(PROBLEM DETAILS)
For the data below, report only the number of lines containing the string "moreover".

(TASK INPUT)

lemma crossing_weight_insert_Suc:
  assumes "finite T" and "finite B" and "x \<notin> T" and "\<forall>t\<in>T. x < t"
  shows "crossing_weight q (insert x T) B (Suc l)
       = q ^ Suc l * crossing_weight q T B (Suc l)
         + (\<Sum>b\<in>{b \<in> B. \<not> (x < 0 \<and> b < 0)}. q ^ rank_in B b * crossing_weight q T (B - {b}) l)"
proof -
  let ?M = "matchings_on (insert x T) B (Suc l)"
  have "finite ?M" using assms(1,2) by (simp add: finite_matchings_on)
  have "crossing_weight q (insert x T) B (Suc l)
      = (\<Sum>E\<in>{E \<in> ?M. x \<notin> fst ` E} \<union> {E \<in> ?M. x \<in> fst ` E}. q ^ crossings (insert x T) B E)"
    unfolding crossing_weight_def by (rule sum.cong) auto
  also have "\<dots> = (\<Sum>E\<in>{E \<in> ?M. x \<notin> fst ` E}. q ^ crossings (insert x T) B E)
      + (\<Sum>E\<in>{E \<in> ?M. x \<in> fst ` E}. q ^ crossings (insert x T) B E)"
    by (rule sum.union_disjoint) (use \<open>finite ?M\<close> in auto)
  finally show ?thesis
    unfolding sum_crossings_isolated[OF assms] sum_crossings_matched[OF assms] .
qed

lemma crossing_weight_insert_neg_Suc:
  fixes T B :: "int set"
  assumes q: "0 < q" "q \<noteq> 1" and "finite T" and "finite B" and "x < 0" and "\<forall>t\<in>T. x < t"
    and IH: "\<And>B' l'. finite B' \<Longrightarrow> crossing_weight q T B' l'
      = qrook_corner q A P (card {b \<in> B'. b < 0}) (card {b \<in> B'. 0 \<le> b}) l'"
  shows "crossing_weight q (insert x T) B (Suc l)
       = qrook_corner q (Suc A) P (card {b \<in> B. b < 0}) (card {b \<in> B. 0 \<le> b}) (Suc l)"
proof -
  let ?J = "card {b \<in> B. b < 0}" and ?K = "card {b \<in> B. 0 \<le> b}"
  have "x \<notin> T" using assms(6) by auto
  have "{b \<in> B. \<not> (x < 0 \<and> b < 0)} = {b \<in> B. 0 \<le> b}" using assms(5) by auto
  moreover have "crossing_weight q T (B - {b}) l = qrook_corner q A P ?J (?K - 1) l"
    if "b \<in> B" and "0 \<le> b" for b
  proof -
    have "{d \<in> B - {b}. d < 0} = {d \<in> B. d < 0}" and "{d \<in> B - {b}. 0 \<le> d} = {d \<in> B. 0 \<le> d} - {b}"
      using that by auto
    then show ?thesis using IH[of "B - {b}"] assms(4) that by simp
  qed
  ultimately have "(\<Sum>b\<in>{b \<in> B. \<not> (x < 0 \<and> b < 0)}. q ^ rank_in B b * crossing_weight q T (B - {b}) l)
      = q ^ ?J * qint q ?K * qrook_corner q A P ?J (?K - 1) l"
    using sum_power_rank_in_ge[OF assms(4) q(2), of 0] by (simp add: sum_distrib_right[symmetric])
  then show ?thesis
    using crossing_weight_insert_Suc[OF assms(3,4) \<open>x \<notin> T\<close> assms(6)] IH[OF assms(4)]
    by (simp add: qrook_corner_Suc_Suc[OF q])
qed

lemma crossing_weight_insert_nonneg_Suc:
  fixes T B :: "int set"
  assumes q: "0 < q" "q \<noteq> 1" and "finite T" and "finite B" and "0 \<le> x" and "\<forall>t\<in>T. x < t"
    and IH: "\<And>B' l'. finite B' \<Longrightarrow> crossing_weight q T B' l' = qrook q P (card B') l'"
  shows "crossing_weight q (insert x T) B (Suc l) = qrook q (Suc P) (card B) (Suc l)"
proof -
  have "x \<notin> T" using assms(6) by auto
  have "{b \<in> B. \<not> (x < 0 \<and> b < 0)} = B" using assms(5) by auto
  moreover have "crossing_weight q T (B - {b}) l = qrook q P (card B - 1) l" if "b \<in> B" for b
    using IH[of "B - {b}"] assms(4) that by simp
  ultimately have "(\<Sum>b\<in>{b \<in> B. \<not> (x < 0 \<and> b < 0)}. q ^ rank_in B b * crossing_weight q T (B - {b}) l)
      = qint q (card B) * qrook q P (card B - 1) l"
    using sum_power_rank_in[OF assms(4) q(2)] by (simp add: sum_distrib_right[symmetric])
  then show ?thesis
    using crossing_weight_insert_Suc[OF assms(3,4) \<open>x \<notin> T\<close> assms(6)] IH[OF assms(4)]
    by (simp add: qrook_Suc_Suc[OF q])
qed

lemma crossing_weight_eq_qrook_corner:
  fixes T B :: "int set"
  assumes q: "0 < q" "q \<noteq> 1" and "finite T" and "finite B"
  shows "crossing_weight q T B l = qrook_corner q (card {t \<in> T. t < 0}) (card {t \<in> T. 0 \<le> t})
           (card {b \<in> B. b < 0}) (card {b \<in> B. 0 \<le> b}) l"
  using assms(3,4)
proof (induction T arbitrary: B l rule: finite_linorder_min_induct)
  case empty
  then show ?case
    by (cases l) (simp_all add: q crossing_weight_0 crossing_weight_empty_Suc qrook_corner_0_left qrook_0_Suc)
next
  case (insert x T)
  show ?case
  proof (cases l)
    case 0
    then show ?thesis using insert by (simp add: q crossing_weight_0)
  next
    case (Suc l)
    show ?thesis
    proof (cases "x < 0")
      case True
      then have "{t \<in> insert x T. t < 0} = insert x {t \<in> T. t < 0}"
        and "{t \<in> insert x T. 0 \<le> t} = {t \<in> T. 0 \<le> t}" and "x \<notin> T"
        using insert.hyps(2) by auto
      then show ?thesis
        using crossing_weight_insert_neg_Suc[OF q insert.hyps(1) insert.prems True insert.hyps(2) insert.IH]
          insert.hyps(1) Suc by simp
    next
      case False
      then have "{t \<in> T. t < 0} = {}" and "{t \<in> insert x T. t < 0} = {}"
        and "{t \<in> insert x T. 0 \<le> t} = insert x {t \<in> T. 0 \<le> t}" and "x \<notin> T"
        using insert.hyps(2) by auto
      then have counts: "card {t \<in> insert x T. t < 0} = 0"
        "card {t \<in> insert x T. 0 \<le> t} = Suc (card {t \<in> T. 0 \<le> t})"
        using insert.hyps(1) by simp_all
      have "crossing_weight q T B' l' = qrook q (card {t \<in> T. 0 \<le> t}) (card B') l'"
        if "finite B'" for B' l'
        using insert.IH[OF that] \<open>{t \<in> T. t < 0} = {}\<close> card_neg_add_card_nonneg[OF that]
        by (simp add: qrook_corner_0_left[OF q])
      then have "crossing_weight q (insert x T) B (Suc l)
          = qrook q (Suc (card {t \<in> T. 0 \<le> t})) (card B) (Suc l)"
        using crossing_weight_insert_nonneg_Suc[OF q insert.hyps(1) insert.prems _ insert.hyps(2)] False
        by simp
      then show ?thesis
        unfolding counts Suc using card_neg_add_card_nonneg[OF insert.prems]
        by (simp add: qrook_corner_0_left[OF q])
    qed
  qed
qed

lemma qrook_corner_perfect:
  "qrook_corner q (\<alpha> + j) p j p p = qfact q p * (\<Sum>i = 0..p.
            q powi ((int p - int i) * (int \<alpha> - int i) + int p * int j)
            * qbinom q p i * qbinom q (\<alpha> + j) i * qbinom q (p - i + j) j)"
  unfolding qrook_corner_def sum_distrib_left
proof (rule sum.cong[OF refl])
  fix i assume "i \<in> {0..p}"
  then have "i \<le> p" by simp
  show "qrook_corner_term q (\<alpha> + j) p j p p i
      = qfact q p * (q powi ((int p - int i) * (int \<alpha> - int i) + int p * int j)
            * qbinom q p i * qbinom q (\<alpha> + j) i * qbinom q (p - i + j) j)"
  proof (cases "i \<le> \<alpha> + j")
    case True
    have "int ((\<alpha> + j - i) * (p - i) + j * i)
        = (int \<alpha> + int j - int i) * (int p - int i) + int j * int i"
      by (simp only: of_nat_add of_nat_mult of_nat_diff[OF True] of_nat_diff[OF \<open>i \<le> p\<close>])
    then have "(int p - int i) * (int \<alpha> - int i) + int p * int j
        = int ((\<alpha> + j - i) * (p - i) + j * i)"
      by (simp add: algebra_simps)
    then have "q powi ((int p - int i) * (int \<alpha> - int i) + int p * int j)
        = q ^ ((\<alpha> + j - i) * (p - i)) * q ^ (j * i)"
      by (simp only: power_int_of_nat power_add)
    moreover have "qbinom q (j + p - i) (p - i) = qbinom q (p - i + j) j"
      using qbinom_symmetric[of j "p - i + j" q] \<open>i \<le> p\<close> by (simp add: add.commute)
    ultimately show ?thesis
      unfolding qrook_corner_term_def qrook_def qbinom_symmetric[OF \<open>i \<le> p\<close>]
        qfalling_mult_qfact[OF \<open>i \<le> p\<close>, symmetric]
      by (simp add: algebra_simps)
  qed (simp add: qrook_corner_term_def qbinom_def)
qed

theorem lemma2p6:
  fixes q :: real and \<alpha> p j :: nat
  assumes "0 < q" and "q < 1"
  shows "(\<Sum>M\<in>matchings_l \<alpha> p j p. q ^ cr \<alpha> p j M)
       = qfact q p * (\<Sum>i = 0..p.
            q powi ((int p - int i) * (int \<alpha> - int i) + int p * int j)
            * qbinom q p i * qbinom q (\<alpha> + j) i * qbinom q (p - i + j) j)"
proof -
  let ?T = "top_vs \<alpha> p j" and ?B = "bot_vs p j"
  have q: "0 < q" "q \<noteq> 1" using assms by auto
  have "matchings_l \<alpha> p j p = matchings_on ?T ?B p"
    unfolding matchings_l_def matchings_def matchings_on_def inj_on_def by auto
  moreover have "cr \<alpha> p j = crossings ?T ?B"
    unfolding cr_def crossings_def edge_crossings_def top_crossings_def bottom_crossings_def ..
  moreover have "{t \<in> ?T. t < 0} = {-(int \<alpha> + int j)..-1}" and "{t \<in> ?T. 0 \<le> t} = {1..int p}"
    and "{b \<in> ?B. b < 0} = {-(int j)..-1}" and "{b \<in> ?B. 0 \<le> b} = {1..int p}"
    unfolding top_vs_def bot_vs_def by auto
  ultimately have "(\<Sum>M\<in>matchings_l \<alpha> p j p. q ^ cr \<alpha> p j M) = qrook_corner q (\<alpha> + j) p j p p"
    using crossing_weight_eq_qrook_corner[OF q, of ?T ?B p]
    unfolding crossing_weight_def top_vs_def bot_vs_def by (simp add: nat_int_add)
  then show ?thesis using qrook_corner_perfect by simp
qed

end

(ANSWER SPACE)
5